Look through the records and report how many lines include the word "also", with no other words.
= = = = =
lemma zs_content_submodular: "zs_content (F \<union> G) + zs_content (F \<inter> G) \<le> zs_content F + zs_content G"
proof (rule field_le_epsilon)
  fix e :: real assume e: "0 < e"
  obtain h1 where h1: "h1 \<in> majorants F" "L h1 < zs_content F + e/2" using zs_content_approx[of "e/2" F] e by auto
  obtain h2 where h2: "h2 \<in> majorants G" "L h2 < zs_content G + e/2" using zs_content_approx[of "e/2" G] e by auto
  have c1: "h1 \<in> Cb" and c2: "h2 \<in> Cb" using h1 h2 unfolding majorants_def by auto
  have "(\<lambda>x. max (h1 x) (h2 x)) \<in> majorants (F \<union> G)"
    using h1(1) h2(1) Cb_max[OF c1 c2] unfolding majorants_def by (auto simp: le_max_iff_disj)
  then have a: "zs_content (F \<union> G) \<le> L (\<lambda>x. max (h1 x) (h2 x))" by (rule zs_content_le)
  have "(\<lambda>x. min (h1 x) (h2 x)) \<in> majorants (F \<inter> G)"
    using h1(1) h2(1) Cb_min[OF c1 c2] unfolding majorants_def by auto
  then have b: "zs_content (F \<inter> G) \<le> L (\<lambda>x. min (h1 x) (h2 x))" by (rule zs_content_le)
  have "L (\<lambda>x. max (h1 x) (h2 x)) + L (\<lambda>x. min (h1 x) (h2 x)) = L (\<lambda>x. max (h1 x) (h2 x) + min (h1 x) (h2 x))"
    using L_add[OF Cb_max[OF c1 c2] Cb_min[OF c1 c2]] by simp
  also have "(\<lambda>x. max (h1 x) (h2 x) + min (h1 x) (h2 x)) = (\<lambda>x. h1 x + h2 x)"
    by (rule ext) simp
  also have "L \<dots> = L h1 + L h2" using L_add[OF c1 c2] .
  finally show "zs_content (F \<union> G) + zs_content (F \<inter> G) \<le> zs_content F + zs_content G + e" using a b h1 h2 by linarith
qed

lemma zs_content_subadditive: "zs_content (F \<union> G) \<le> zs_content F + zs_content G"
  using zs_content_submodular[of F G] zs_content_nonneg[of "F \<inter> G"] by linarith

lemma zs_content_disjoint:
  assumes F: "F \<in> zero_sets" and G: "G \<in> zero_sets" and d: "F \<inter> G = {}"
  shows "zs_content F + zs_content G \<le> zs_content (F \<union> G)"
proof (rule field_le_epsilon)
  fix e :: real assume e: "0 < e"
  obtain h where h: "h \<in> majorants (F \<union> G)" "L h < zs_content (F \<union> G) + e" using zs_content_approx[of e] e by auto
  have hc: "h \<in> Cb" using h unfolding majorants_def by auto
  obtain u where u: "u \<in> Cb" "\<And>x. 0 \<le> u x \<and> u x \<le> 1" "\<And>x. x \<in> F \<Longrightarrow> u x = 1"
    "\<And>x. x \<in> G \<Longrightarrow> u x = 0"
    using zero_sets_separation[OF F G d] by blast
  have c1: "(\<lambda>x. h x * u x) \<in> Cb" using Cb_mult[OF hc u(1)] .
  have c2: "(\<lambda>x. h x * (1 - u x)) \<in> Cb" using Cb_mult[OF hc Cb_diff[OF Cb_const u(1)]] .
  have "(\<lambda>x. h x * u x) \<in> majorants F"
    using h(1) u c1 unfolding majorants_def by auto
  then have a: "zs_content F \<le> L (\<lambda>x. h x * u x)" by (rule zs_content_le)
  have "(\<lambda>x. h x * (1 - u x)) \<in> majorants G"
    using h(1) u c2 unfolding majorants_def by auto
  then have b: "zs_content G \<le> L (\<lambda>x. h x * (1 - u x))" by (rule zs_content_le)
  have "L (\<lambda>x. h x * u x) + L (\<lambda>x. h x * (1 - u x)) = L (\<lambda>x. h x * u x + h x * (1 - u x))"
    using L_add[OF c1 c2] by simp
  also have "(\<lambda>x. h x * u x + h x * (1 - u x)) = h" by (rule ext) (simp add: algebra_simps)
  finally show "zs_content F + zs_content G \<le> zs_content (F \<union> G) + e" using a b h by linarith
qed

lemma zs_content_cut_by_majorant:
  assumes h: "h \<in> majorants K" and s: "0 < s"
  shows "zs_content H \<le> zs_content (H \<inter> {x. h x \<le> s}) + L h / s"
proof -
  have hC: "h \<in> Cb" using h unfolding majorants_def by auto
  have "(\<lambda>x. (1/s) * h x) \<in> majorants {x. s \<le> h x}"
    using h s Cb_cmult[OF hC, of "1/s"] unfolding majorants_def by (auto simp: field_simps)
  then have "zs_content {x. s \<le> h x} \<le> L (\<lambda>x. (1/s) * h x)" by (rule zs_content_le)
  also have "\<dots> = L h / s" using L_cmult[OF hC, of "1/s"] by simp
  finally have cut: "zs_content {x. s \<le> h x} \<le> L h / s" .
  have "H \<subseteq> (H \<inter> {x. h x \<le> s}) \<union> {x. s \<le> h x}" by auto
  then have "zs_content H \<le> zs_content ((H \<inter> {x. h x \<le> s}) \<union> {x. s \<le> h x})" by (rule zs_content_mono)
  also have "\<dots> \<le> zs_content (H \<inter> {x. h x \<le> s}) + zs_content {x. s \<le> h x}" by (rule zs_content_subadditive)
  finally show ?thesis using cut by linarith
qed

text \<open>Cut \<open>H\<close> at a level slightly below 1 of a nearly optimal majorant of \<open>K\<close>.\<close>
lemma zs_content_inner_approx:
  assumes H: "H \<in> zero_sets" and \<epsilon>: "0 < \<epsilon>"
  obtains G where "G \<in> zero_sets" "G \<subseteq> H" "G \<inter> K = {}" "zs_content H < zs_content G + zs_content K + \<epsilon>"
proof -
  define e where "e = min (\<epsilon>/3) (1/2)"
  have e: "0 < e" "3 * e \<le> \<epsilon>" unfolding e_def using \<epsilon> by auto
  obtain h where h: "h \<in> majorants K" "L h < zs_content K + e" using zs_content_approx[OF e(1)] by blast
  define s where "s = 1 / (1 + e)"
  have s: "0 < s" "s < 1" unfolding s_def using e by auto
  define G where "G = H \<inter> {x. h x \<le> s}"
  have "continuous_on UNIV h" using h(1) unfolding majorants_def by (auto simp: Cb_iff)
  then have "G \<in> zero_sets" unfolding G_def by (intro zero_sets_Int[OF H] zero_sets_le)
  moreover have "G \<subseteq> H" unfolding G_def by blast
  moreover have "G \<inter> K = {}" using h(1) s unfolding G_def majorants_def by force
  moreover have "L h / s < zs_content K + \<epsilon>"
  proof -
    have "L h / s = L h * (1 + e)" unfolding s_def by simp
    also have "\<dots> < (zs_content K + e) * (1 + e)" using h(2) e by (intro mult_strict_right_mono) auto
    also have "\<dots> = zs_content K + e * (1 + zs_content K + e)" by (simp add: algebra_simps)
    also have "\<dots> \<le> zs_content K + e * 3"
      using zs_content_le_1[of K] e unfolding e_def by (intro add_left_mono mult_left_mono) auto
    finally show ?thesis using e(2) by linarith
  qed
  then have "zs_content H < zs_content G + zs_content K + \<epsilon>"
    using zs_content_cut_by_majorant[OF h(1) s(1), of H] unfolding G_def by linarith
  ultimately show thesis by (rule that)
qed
= = = = =
* [Worked solution]:
8